[Records excerpted from a collection]
--------------------
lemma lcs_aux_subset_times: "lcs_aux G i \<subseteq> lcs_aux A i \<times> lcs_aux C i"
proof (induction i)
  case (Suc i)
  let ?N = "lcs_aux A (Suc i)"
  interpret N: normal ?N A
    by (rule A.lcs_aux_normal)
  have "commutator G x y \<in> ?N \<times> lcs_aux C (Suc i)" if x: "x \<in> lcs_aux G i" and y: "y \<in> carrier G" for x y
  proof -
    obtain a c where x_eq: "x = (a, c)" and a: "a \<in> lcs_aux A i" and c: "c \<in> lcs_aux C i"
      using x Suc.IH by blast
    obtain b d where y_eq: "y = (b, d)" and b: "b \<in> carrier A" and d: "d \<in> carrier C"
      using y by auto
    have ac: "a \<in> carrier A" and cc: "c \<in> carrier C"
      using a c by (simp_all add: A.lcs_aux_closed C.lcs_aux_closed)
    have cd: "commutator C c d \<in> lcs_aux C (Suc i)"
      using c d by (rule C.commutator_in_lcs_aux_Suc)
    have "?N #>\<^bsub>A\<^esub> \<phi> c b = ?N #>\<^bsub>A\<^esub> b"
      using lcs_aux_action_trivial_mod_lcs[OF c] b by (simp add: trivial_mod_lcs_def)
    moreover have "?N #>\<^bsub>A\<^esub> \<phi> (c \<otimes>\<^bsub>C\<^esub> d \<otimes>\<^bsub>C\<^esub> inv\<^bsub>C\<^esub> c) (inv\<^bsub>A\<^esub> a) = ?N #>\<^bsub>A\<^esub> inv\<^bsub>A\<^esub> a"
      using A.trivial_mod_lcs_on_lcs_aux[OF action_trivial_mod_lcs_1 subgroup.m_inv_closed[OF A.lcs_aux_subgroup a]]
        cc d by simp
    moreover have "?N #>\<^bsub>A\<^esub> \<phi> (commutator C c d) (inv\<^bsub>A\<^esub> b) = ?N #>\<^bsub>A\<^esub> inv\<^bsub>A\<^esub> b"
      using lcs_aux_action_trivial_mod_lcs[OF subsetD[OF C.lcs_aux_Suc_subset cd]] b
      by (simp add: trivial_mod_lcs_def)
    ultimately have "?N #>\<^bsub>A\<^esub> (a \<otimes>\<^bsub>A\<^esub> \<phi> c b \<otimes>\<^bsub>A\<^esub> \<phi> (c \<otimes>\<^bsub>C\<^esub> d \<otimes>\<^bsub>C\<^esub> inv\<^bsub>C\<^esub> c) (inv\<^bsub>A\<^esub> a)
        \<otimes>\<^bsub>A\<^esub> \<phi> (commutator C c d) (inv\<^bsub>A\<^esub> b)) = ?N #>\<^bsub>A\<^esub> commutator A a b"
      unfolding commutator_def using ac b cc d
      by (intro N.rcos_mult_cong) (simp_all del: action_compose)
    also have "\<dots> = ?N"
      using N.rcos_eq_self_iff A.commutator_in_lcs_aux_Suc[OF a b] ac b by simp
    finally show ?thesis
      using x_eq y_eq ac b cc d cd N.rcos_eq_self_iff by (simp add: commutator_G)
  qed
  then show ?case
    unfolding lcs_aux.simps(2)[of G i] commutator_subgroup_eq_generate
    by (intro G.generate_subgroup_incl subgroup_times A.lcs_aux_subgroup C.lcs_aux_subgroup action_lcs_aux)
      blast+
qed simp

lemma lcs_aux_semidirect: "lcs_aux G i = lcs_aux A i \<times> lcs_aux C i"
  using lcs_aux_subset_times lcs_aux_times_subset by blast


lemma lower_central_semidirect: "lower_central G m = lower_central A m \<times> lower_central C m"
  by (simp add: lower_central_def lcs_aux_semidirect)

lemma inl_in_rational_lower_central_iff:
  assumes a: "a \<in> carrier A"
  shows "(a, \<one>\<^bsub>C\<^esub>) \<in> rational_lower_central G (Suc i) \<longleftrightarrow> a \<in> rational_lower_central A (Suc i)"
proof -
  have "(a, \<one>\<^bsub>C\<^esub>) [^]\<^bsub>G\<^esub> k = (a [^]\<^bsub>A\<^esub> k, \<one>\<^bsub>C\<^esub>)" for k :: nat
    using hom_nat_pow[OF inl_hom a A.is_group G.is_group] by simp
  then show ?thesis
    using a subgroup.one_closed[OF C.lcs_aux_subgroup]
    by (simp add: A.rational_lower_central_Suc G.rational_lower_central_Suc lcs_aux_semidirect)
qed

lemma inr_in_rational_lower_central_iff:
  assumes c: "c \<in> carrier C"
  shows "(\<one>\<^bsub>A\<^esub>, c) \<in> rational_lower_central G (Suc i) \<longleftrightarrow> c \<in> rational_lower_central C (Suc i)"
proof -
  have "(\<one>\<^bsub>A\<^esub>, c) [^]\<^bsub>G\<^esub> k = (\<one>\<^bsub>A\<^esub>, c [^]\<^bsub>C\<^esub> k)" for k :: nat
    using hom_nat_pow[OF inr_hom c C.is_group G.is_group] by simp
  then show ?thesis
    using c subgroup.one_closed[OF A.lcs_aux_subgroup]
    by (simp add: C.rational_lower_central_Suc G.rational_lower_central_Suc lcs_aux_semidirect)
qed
--------------------
== Work instruction ==
Report how many lines of the data hold the string "assumes"; give only the number.

== Completed task ==
2